• [Task goal] Below are entries. Reproduce exactly the lines between the line holding "proof (rule lipschitz_ode_solutions_unique" and the line holding "((\<gamma>1 \<circ> \<sigma>1) v)) (at v) \<and>", inclusive, and only those.

* * * * * * * * *

lemma closed_field_line_coordinate_chart:
  assumes line: "closed_field_line V \<gamma>" and nonzero: "V (\<gamma> s0) $ j \<noteq> 0"
  obtains A B d \<sigma> where "A < \<gamma> s0 $ j" "\<gamma> s0 $ j < B" "d > 0"
    "\<And>u. u \<in> {A<..<B} \<Longrightarrow> ((\<gamma> \<circ> \<sigma>) has_vector_derivative rescale_field V j ((\<gamma> \<circ> \<sigma>) u)) (at u)"
    "\<And>s. \<bar>s - s0\<bar> < d \<Longrightarrow> \<gamma> s $ j \<in> {A<..<B} \<and> \<sigma> (\<gamma> s $ j) = s"
proof -
  define g where "g s = vector_derivative \<gamma> (at s)" for s
  have deriv: "(\<gamma> has_vector_derivative g s) (at s)" for s
    unfolding g_def by (rule closed_field_lineD(1) [OF line])
  have g_nonzero: "g s0 $ j \<noteq> 0"
    using closed_field_lineD(3) [OF line, of s0] nonzero by (auto simp: g_def)
  have g_cont: "continuous_on UNIV (\<lambda>s. g s $ j)"
    unfolding g_def by (intro continuous_on_component closed_field_lineD(2) [OF line])
  obtain A B d \<sigma> where AB: "A < \<gamma> s0 $ j" "\<gamma> s0 $ j < B" "d > 0"
    and \<sigma>: "\<And>u. u \<in> {A<..<B} \<Longrightarrow>
      (\<sigma> has_real_derivative inverse (g (\<sigma> u) $ j)) (at u) \<and> \<gamma> (\<sigma> u) $ j = u"
    and chart: "\<And>s. \<bar>s - s0\<bar> < d \<Longrightarrow> \<gamma> s $ j \<in> {A<..<B} \<and> \<sigma> (\<gamma> s $ j) = s"
    by (rule local_inverse_real [OF has_real_derivative_vec_nth [OF deriv] g_cont g_nonzero]) (rule that)
  have integral: "((\<gamma> \<circ> \<sigma>) has_vector_derivative rescale_field V j ((\<gamma> \<circ> \<sigma>) u)) (at u)"
    if u: "u \<in> {A<..<B}" for u
  proof -
    have "(\<sigma> has_vector_derivative inverse (g (\<sigma> u) $ j)) (at u)"
      using \<sigma> [OF u] by (simp add: has_real_derivative_iff_has_vector_derivative)
    from vector_diff_chain_at [OF this deriv]
    have "((\<gamma> \<circ> \<sigma>) has_vector_derivative inverse (g (\<sigma> u) $ j) *\<^sub>R g (\<sigma> u)) (at u)" .
    moreover obtain k where "k \<noteq> 0" "g (\<sigma> u) = k *\<^sub>R V (\<gamma> (\<sigma> u))"
      using closed_field_lineD(3) [OF line] unfolding g_def by blast
    then have "inverse (g (\<sigma> u) $ j) *\<^sub>R g (\<sigma> u) = rescale_field V j ((\<gamma> \<circ> \<sigma>) u)"
      by (simp add: rescale_field_def vec_eq_iff field_simps)
    ultimately show ?thesis by simp
  qed
  from AB integral chart show thesis by (rule that)
qed

lemma isCont_eventually_in_open:
  "isCont f x \<Longrightarrow> open S \<Longrightarrow> f x \<in> S \<Longrightarrow> \<forall>\<^sub>F y in nhds x. f y \<in> S"
  by (simp add: isCont_def tendsto_at_iff_tendsto_nhds topological_tendstoD)

lemma closed_field_lines_locally_coincide:
  fixes V :: "real^3 \<Rightarrow> real^3"
  assumes lip: "\<And>p. locally_lipschitz_at V p"
    and line1: "closed_field_line V \<gamma>1" and line2: "closed_field_line V \<gamma>2"
    and meet: "\<gamma>1 s1 = \<gamma>2 s2"
  shows "\<forall>\<^sub>F s in nhds s1. \<gamma>1 s \<in> range \<gamma>2"
proof -
  obtain j where j1: "V (\<gamma>1 s1) $ j \<noteq> 0"
    using closed_field_lineD(4) [OF line1, of s1] by (auto simp: vec_eq_iff)
  then have j2: "V (\<gamma>2 s2) $ j \<noteq> 0" by (simp add: meet)
  obtain A1 B1 d1 \<sigma>1 where AB1: "A1 < \<gamma>1 s1 $ j" "\<gamma>1 s1 $ j < B1" "d1 > 0"
    and integral1: "\<And>u. u \<in> {A1<..<B1} \<Longrightarrow>
      ((\<gamma>1 \<circ> \<sigma>1) has_vector_derivative rescale_field V j ((\<gamma>1 \<circ> \<sigma>1) u)) (at u)"
    and chart1: "\<And>s. \<bar>s - s1\<bar> < d1 \<Longrightarrow> \<gamma>1 s $ j \<in> {A1<..<B1} \<and> \<sigma>1 (\<gamma>1 s $ j) = s"
    by (rule closed_field_line_coordinate_chart [OF line1 j1]) (rule that)
  obtain A2 B2 d2 \<sigma>2 where AB2: "A2 < \<gamma>2 s2 $ j" "\<gamma>2 s2 $ j < B2" "d2 > 0"
    and integral2: "\<And>u. u \<in> {A2<..<B2} \<Longrightarrow>
      ((\<gamma>2 \<circ> \<sigma>2) has_vector_derivative rescale_field V j ((\<gamma>2 \<circ> \<sigma>2) u)) (at u)"
    and chart2: "\<And>s. \<bar>s - s2\<bar> < d2 \<Longrightarrow> \<gamma>2 s $ j \<in> {A2<..<B2} \<and> \<sigma>2 (\<gamma>2 s $ j) = s"
    by (rule closed_field_line_coordinate_chart [OF line2 j2]) (rule that)
  define p where "p = \<gamma>1 s1"
  define u0 where "u0 = p $ j"
  note AB1 = AB1 [folded p_def, folded u0_def]
  note AB2 = AB2 [folded meet, folded p_def, folded u0_def]
  note j = j1 [folded p_def]
  have start1: "(\<gamma>1 \<circ> \<sigma>1) u0 = p" and start2: "(\<gamma>2 \<circ> \<sigma>2) u0 = p"
    using chart1 [of s1] chart2 [of s2] AB1 AB2 by (simp_all add: u0_def p_def meet)
  obtain e C where "e > 0" and lip_W: "C-lipschitz_on (ball p e) (rescale_field V j)"
    using locally_lipschitz_at_rescale_field [OF lip j] unfolding locally_lipschitz_at_def by blast
  have cont1: "isCont (\<gamma>1 \<circ> \<sigma>1) u0" and cont2: "isCont (\<gamma>2 \<circ> \<sigma>2) u0"
    using integral1 [of u0] integral2 [of u0] AB1 AB2 has_vector_derivative_continuous by auto
  have "\<forall>\<^sub>F u in nhds u0. u \<in> {A1<..<B1} \<and> u \<in> {A2<..<B2} \<and>
      (\<gamma>1 \<circ> \<sigma>1) u \<in> ball p e \<and> (\<gamma>2 \<circ> \<sigma>2) u \<in> ball p e"
    using AB1 AB2 \<open>e > 0\<close> start1 start2
    by (intro eventually_conj eventually_nhds_in_open isCont_eventually_in_open [OF cont1]
        isCont_eventually_in_open [OF cont2]) auto
  then obtain r where "r > 0" and near: "\<And>u. dist u u0 < r \<Longrightarrow> u \<in> {A1<..<B1} \<and> u \<in> {A2<..<B2} \<and>
      (\<gamma>1 \<circ> \<sigma>1) u \<in> ball p e \<and> (\<gamma>2 \<circ> \<sigma>2) u \<in> ball p e"
    unfolding eventually_nhds_metric by blast
  have coincide: "(\<gamma>1 \<circ> \<sigma>1) u = (\<gamma>2 \<circ> \<sigma>2) u" if "dist u u0 < r" for u
  proof (rule lipschitz_ode_solutions_unique [OF lip_W, of u0 u "\<gamma>1 \<circ> \<sigma>1" "\<gamma>2 \<circ> \<sigma>2"])
    show "(\<gamma>1 \<circ> \<sigma>1) u0 = (\<gamma>2 \<circ> \<sigma>2) u0" using start1 start2 by simp
  next
    fix v assume "v \<in> closed_segment u0 u"
    then have "dist v u0 < r" using dist_in_closed_segment [of v u0 u] that by (simp add: dist_commute)
    then show "((\<gamma>1 \<circ> \<sigma>1) has_vector_derivative rescale_field V j ((\<gamma>1 \<circ> \<sigma>1) v)) (at v) \<and>
      ((\<gamma>2 \<circ> \<sigma>2) has_vector_derivative rescale_field V j ((\<gamma>2 \<circ> \<sigma>2) v)) (at v) \<and>
      (\<gamma>1 \<circ> \<sigma>1) v \<in> ball p e \<and> (\<gamma>2 \<circ> \<sigma>2) v \<in> ball p e"
      using near integral1 integral2 by blast
  qed
  have "isCont (\<lambda>s. \<gamma>1 s $ j) s1"
    using has_real_derivative_vec_nth [OF closed_field_lineD(1) [OF line1]] DERIV_isCont by blast
  then have "\<forall>\<^sub>F s in nhds s1. \<gamma>1 s $ j \<in> ball u0 r \<and> s \<in> ball s1 d1"
    using \<open>r > 0\<close> AB1 by (intro eventually_conj isCont_eventually_in_open eventually_nhds_in_open)
      (auto simp: u0_def p_def)
  then show ?thesis
  proof (rule eventually_mono)
    fix s assume s: "\<gamma>1 s $ j \<in> ball u0 r \<and> s \<in> ball s1 d1"
    then have "\<sigma>1 (\<gamma>1 s $ j) = s" using chart1 [of s] by (simp add: dist_real_def abs_minus_commute)
    then have "\<gamma>1 s = (\<gamma>1 \<circ> \<sigma>1) (\<gamma>1 s $ j)" by simp
    also have "\<dots> = (\<gamma>2 \<circ> \<sigma>2) (\<gamma>1 s $ j)" using coincide s by (simp add: dist_commute)
    finally show "\<gamma>1 s \<in> range \<gamma>2" by simp
  qed
qed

* * * * * * * * *

• [Task output]
  proof (rule lipschitz_ode_solutions_unique [OF lip_W, of u0 u "\<gamma>1 \<circ> \<sigma>1" "\<gamma>2 \<circ> \<sigma>2"])
    show "(\<gamma>1 \<circ> \<sigma>1) u0 = (\<gamma>2 \<circ> \<sigma>2) u0" using start1 start2 by simp
  next
    fix v assume "v \<in> closed_segment u0 u"
    then have "dist v u0 < r" using dist_in_closed_segment [of v u0 u] that by (simp add: dist_commute)
    then show "((\<gamma>1 \<circ> \<sigma>1) has_vector_derivative rescale_field V j ((\<gamma>1 \<circ> \<sigma>1) v)) (at v) \<and>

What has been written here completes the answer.